Egypt's Rabaa Deaths 'Crime against Humanity'


Egypt's Rabaa Deaths 'Crime against Humanity'

TEHRAN (Tasnim) - A new report has alleged that the Egyptian security forces' killings of at least 1,000 protesters at the Rabaa al-Adawiya Square sit-in last year in Cairo "most likely amount to crimes against humanity".

The 195-page Human Rights Watch (HRW) report released on Tuesday found that Egyptian security forces "gunned down hundreds of unarmed protesters" when they moved in to disperse the sit-in on August 14.

The killings were "part of a policy to use lethal force against largely unarmed protesters on political grounds," HRW found, and resulted in "one of the world's largest killings of demonstrators in a single day in recent history".

HRW said that over a dozen senior Egyptian leaders should be investigated for their parts in the protesters' deaths, including Interior Minister Mohamed Ibrahim and current President Abdel Fattah el-Sisi, who was defence minister at the time.

"This wasn’t merely a case of excessive force or poor training. It was a violent crackdown planned at the highest levels of the Egyptian government. Many of the same officials are still in power in Egypt, and have a lot to answer for," said Kenneth Roth, HRW’s executive director, in a statement.

Roth was denied entry into Egypt on Monday, along with another senior staff member, after being held at Cairo's international airport for 12 hours. They were on their way to Egypt to release the report.

Badr Abdel Atty, the Egyptian ministry of foreign affairs spokesperson, told Al Jazeera on Monday that the government would not comment on the report until it was officially released.

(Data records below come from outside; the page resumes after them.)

lemma prob_Pi_pmf_bernoulli_weighted_sum_close:
  fixes I T :: "'a set" and p c a R :: "'a \<Rightarrow> real" and \<epsilon> :: real
  assumes fin: "finite I" and TI: "T \<subseteq> I"
    and p: "\<And>t. t \<in> T \<Longrightarrow> 0 \<le> p t \<and> p t \<le> 1"
    and mean: "\<And>t. t \<in> T \<Longrightarrow> c t * p t = a t"
    and bound: "\<And>t. t \<in> T \<Longrightarrow> p t < 1 \<Longrightarrow> \<bar>c t\<bar> \<le> R t"
    and R: "\<And>t. t \<in> T \<Longrightarrow> 0 \<le> R t"
    and \<epsilon>: "0 \<le> \<epsilon>"
  shows "measure_pmf.prob (Pi_pmf I False (\<lambda>t. bernoulli_pmf (p t)))
           {\<delta>. \<bar>(\<Sum>t\<in>T. of_bool (\<delta> t) * c t) - (\<Sum>t\<in>T. a t)\<bar> \<le> \<epsilon>}
         \<ge> 1 - 2 * exp (- \<epsilon>\<^sup>2 / (2 * (\<Sum>t\<in>T. (R t)\<^sup>2)))"
proof -
  define D where "D = Pi_pmf I False (\<lambda>t. bernoulli_pmf (p t))"
  define X where "X t \<delta> = of_bool (\<delta> t) * c t" for t and \<delta> :: "'a \<Rightarrow> bool"
  define centre where "centre t = (if p t = 1 then c t else 0)" for t
  have law: "map_pmf (\<lambda>\<delta>. \<delta> t) D = bernoulli_pmf (p t)" if "t \<in> T" for t
    unfolding D_def using fin TI that by (subst Pi_pmf_component) auto
  have expectation: "measure_pmf.expectation D (X t) = a t" if "t \<in> T" for t
  proof -
    have "measure_pmf.expectation D (X t)
        = measure_pmf.expectation (map_pmf (\<lambda>\<delta>. \<delta> t) D) (\<lambda>v. of_bool v * c t)"
      unfolding X_def by simp
    also have "\<dots> = a t" using law[OF that] p[OF that] mean[OF that] by (simp add: mult.commute)
    finally show ?thesis .
  qed
  have range: "AE \<delta> in measure_pmf D. X t \<delta> \<in> {centre t - R t..centre t + R t}" if "t \<in> T" for t
  proof (subst AE_measure_pmf_iff, intro ballI)
    fix \<delta> assume "\<delta> \<in> set_pmf D"
    hence "\<delta> t \<in> set_pmf (bernoulli_pmf (p t))" using law[OF that] by (metis pmf.set_map imageI)
    thus "X t \<delta> \<in> {centre t - R t..centre t + R t}"
      using bound[OF that] R[OF that] p[OF that] unfolding X_def centre_def
      by (cases "\<delta> t") (auto simp: set_pmf_iff)
  qed
  have indep: "prob_space.indep_vars (measure_pmf D) (\<lambda>_. borel) X T"
  proof -
    have "prob_space.indep_vars (measure_pmf D) (\<lambda>_. count_space UNIV) (\<lambda>t \<delta>. \<delta> t) T"
      using prob_space.indep_vars_subset[OF measure_pmf.prob_space_axioms
          indep_vars_Pi_pmf[OF fin] TI] unfolding D_def .
    from prob_space.indep_vars_compose2[OF measure_pmf.prob_space_axioms this, of "\<lambda>t v. of_bool v * c t"]
    show ?thesis unfolding X_def by simp
  qed
  interpret Hoeffding_ineq "measure_pmf D" T X "\<lambda>t. centre t - R t" "\<lambda>t. centre t + R t"
    "\<Sum>t\<in>T. measure_pmf.expectation D (X t)"
    using fin TI finite_subset indep range by unfold_locales auto
  have width: "(\<Sum>t\<in>T. (centre t + R t - (centre t - R t))\<^sup>2) = 4 * (\<Sum>t\<in>T. (R t)\<^sup>2)"
    by (simp add: sum_distrib_left power2_eq_square)
  have tail: "measure_pmf.prob D {\<delta>. \<epsilon> \<le> \<bar>(\<Sum>t\<in>T. X t \<delta>) - (\<Sum>t\<in>T. a t)\<bar>}
      \<le> 2 * exp (- \<epsilon>\<^sup>2 / (2 * (\<Sum>t\<in>T. (R t)\<^sup>2)))"
  proof (cases "(\<Sum>t\<in>T. (R t)\<^sup>2) = 0")
    case True
    \<comment> \<open>The bound degenerates to 2 because division by zero yields zero.\<close>
    thus ?thesis using measure_pmf.prob_le_1 by (simp add: order_trans[of _ 1])
  next
    case False
    hence "(\<Sum>t\<in>T. (R t)\<^sup>2) > 0" by (simp add: order_neq_le_trans sum_nonneg)
    from Hoeffding_ineq_abs_ge[OF \<epsilon>] this show ?thesis
      unfolding width using expectation by (simp add: mult.commute)
  qed
  have "1 - measure_pmf.prob D {\<delta>. \<epsilon> \<le> \<bar>(\<Sum>t\<in>T. X t \<delta>) - (\<Sum>t\<in>T. a t)\<bar>}
      = measure_pmf.prob D (UNIV - {\<delta>. \<epsilon> \<le> \<bar>(\<Sum>t\<in>T. X t \<delta>) - (\<Sum>t\<in>T. a t)\<bar>})"
    using measure_pmf.prob_compl[of "{\<delta>. \<epsilon> \<le> \<bar>(\<Sum>t\<in>T. X t \<delta>) - (\<Sum>t\<in>T. a t)\<bar>}" D] by simp
  also have "\<dots> \<le> measure_pmf.prob D {\<delta>. \<bar>(\<Sum>t\<in>T. X t \<delta>) - (\<Sum>t\<in>T. a t)\<bar> \<le> \<epsilon>}"
    by (intro measure_pmf.finite_measure_mono) auto
  finally have "measure_pmf.prob D {\<delta>. \<bar>(\<Sum>t\<in>T. X t \<delta>) - (\<Sum>t\<in>T. a t)\<bar> \<le> \<epsilon>}
      \<ge> 1 - measure_pmf.prob D {\<delta>. \<epsilon> \<le> \<bar>(\<Sum>t\<in>T. X t \<delta>) - (\<Sum>t\<in>T. a t)\<bar>}" .
  with tail show ?thesis unfolding D_def X_def by linarith
qed

lemma p_prob_nonneg: "0 \<le> p_prob n r A i j k"
  unfolding p_prob_def by simp

lemma abs_summand_le_p_prob:
  assumes bnd: "\<forall>i'<n. \<forall>l<r. \<bar>U i' l\<bar> \<le> 2 * row_norm r Ustar i'"
    and q: "q < r" and k: "k < n" and S: "0 < S_const n r Ustar"
  shows "\<bar>Ustar i q * U j q * Ustar j q * U k q * b k\<bar>
    \<le> 6 * real n * (S_const n r Ustar)\<^sup>2 * \<bar>U j q\<bar> * \<bar>b k\<bar> * p_prob n r Ustar i j k"
proof -
  define x y z where "x = row_norm r Ustar i" and "y = row_norm r Ustar j" and "z = row_norm r Ustar k"
  define num where "num = x powr (3/2) * y powr (3/2) + y powr (3/2) * z powr (3/2)
                        + z powr (3/2) * x powr (3/2)"
  have xyz: "0 \<le> x" "0 \<le> y" "0 \<le> z" unfolding x_def y_def z_def by (simp_all add: row_norm_nonneg)
  have p: "p_prob n r Ustar i j k = num / (3 * real n * (S_const n r Ustar)\<^sup>2)"
    unfolding p_prob_def num_def x_def y_def z_def ..
  have "\<bar>Ustar i q * U j q * Ustar j q * U k q * b k\<bar>
      = \<bar>Ustar i q\<bar> * \<bar>Ustar j q\<bar> * \<bar>U k q\<bar> * (\<bar>U j q\<bar> * \<bar>b k\<bar>)"
    by (simp add: abs_mult ac_simps)
  also have "\<dots> \<le> x * y * (2 * z) * (\<bar>U j q\<bar> * \<bar>b k\<bar>)"
  proof -
    have "\<bar>Ustar i q\<bar> \<le> x" "\<bar>Ustar j q\<bar> \<le> y"
      unfolding x_def y_def using q by (simp_all add: abs_le_row_norm)
    moreover have "\<bar>U k q\<bar> \<le> 2 * z" unfolding z_def using bnd k q by simp
    ultimately show ?thesis using xyz by (intro mult_mono) auto
  qed
  also have "\<dots> \<le> 2 * num * (\<bar>U j q\<bar> * \<bar>b k\<bar>)"
  proof -
    have "x * y * z \<le> num" unfolding num_def by (rule mult_le_pairwise_powr_three_halves[OF xyz])
    hence "x * y * (2 * z) \<le> 2 * num" by (simp add: algebra_simps)
    thus ?thesis by (rule mult_right_mono) simp
  qed
  also have "\<dots> = 6 * real n * (S_const n r Ustar)\<^sup>2 * \<bar>U j q\<bar> * \<bar>b k\<bar> * p_prob n r Ustar i j k"
    unfolding p using k S by (simp add: field_simps)
  finally show ?thesis .
qed

lemma
  assumes m: "0 < m" and K: "0 \<le> K" and x: "\<bar>x\<bar> \<le> K * p_prob n r A i j k"
  shows W_weight_mult_phat: "W_weight m n r A i j k * x * phat m n r A i j k = x"
    and abs_W_weight_mult_le: "phat m n r A i j k < 1 \<Longrightarrow> \<bar>W_weight m n r A i j k * x\<bar> \<le> K / m"
proof -
  have p: "0 \<le> p_prob n r A i j k" by (rule p_prob_nonneg)
  show "W_weight m n r A i j k * x * phat m n r A i j k = x"
  proof (cases "p_prob n r A i j k = 0")
    case True
    thus ?thesis using x by simp
  next
    case False
    hence "0 < m * p_prob n r A i j k" using m p by simp
    hence "0 < phat m n r A i j k" unfolding phat_def by simp
    thus ?thesis unfolding W_weight_def by simp
  qed
  show "\<bar>W_weight m n r A i j k * x\<bar> \<le> K / m" if "phat m n r A i j k < 1"
  proof (cases "p_prob n r A i j k = 0")
    case True
    thus ?thesis using m K by (simp add: W_weight_def phat_def)
  next
    case False
    hence phat: "phat m n r A i j k = m * p_prob n r A i j k" "0 < m * p_prob n r A i j k"
      using that m p unfolding phat_def by auto
    have "\<bar>W_weight m n r A i j k * x\<bar> = \<bar>x\<bar> / (m * p_prob n r A i j k)"
      unfolding W_weight_def using phat by simp
    also have "\<dots> \<le> K * p_prob n r A i j k / (m * p_prob n r A i j k)"
      using x phat by (intro divide_right_mono) auto
    also have "\<dots> = K / m" using False by simp
    finally show ?thesis .
  qed
qed

lemma sum_singleton_times_times:
  "finite A \<Longrightarrow> finite B \<Longrightarrow> (\<Sum>t\<in>{i} \<times> A \<times> B. f t) = (\<Sum>j\<in>A. \<Sum>k\<in>B. f (i, j, k))"
  using sum.cartesian_product[of "\<lambda>x y. f (x, y)" "A \<times> B" "{i}"]
    sum.cartesian_product[of "\<lambda>j k. f (i, j, k)" B A] by simp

Omar Shafik, a fellow at HRW, told Al Jazeera that the group sent the full text of the report to several Egyptian ministries ahead of publication, but that the government did not respond to their requests for comment. "We didn’t receive responses to any of our queries," Shafik said.

In a statement after the killings, however, Egypt's state information service (SIS) said that efforts to peacefully disperse the rally were "rejected by leaders of the Muslim Brotherhood".

"The Ministry of Interior used loudspeakers, appealed to those who were in the two sit-ins to exit, not to use women, elders and children as a human shield, they were allowed to leave and provided with safe exit passages that had been already declared," the SIS said.

Tens of thousands of Egyptians began a sit-in near the Rabaa al-Adawiya mosque, in Cairo’s Nasr City district, following the military's removal of President Mohamed Mursi on July 3 last year after major protests against his rule.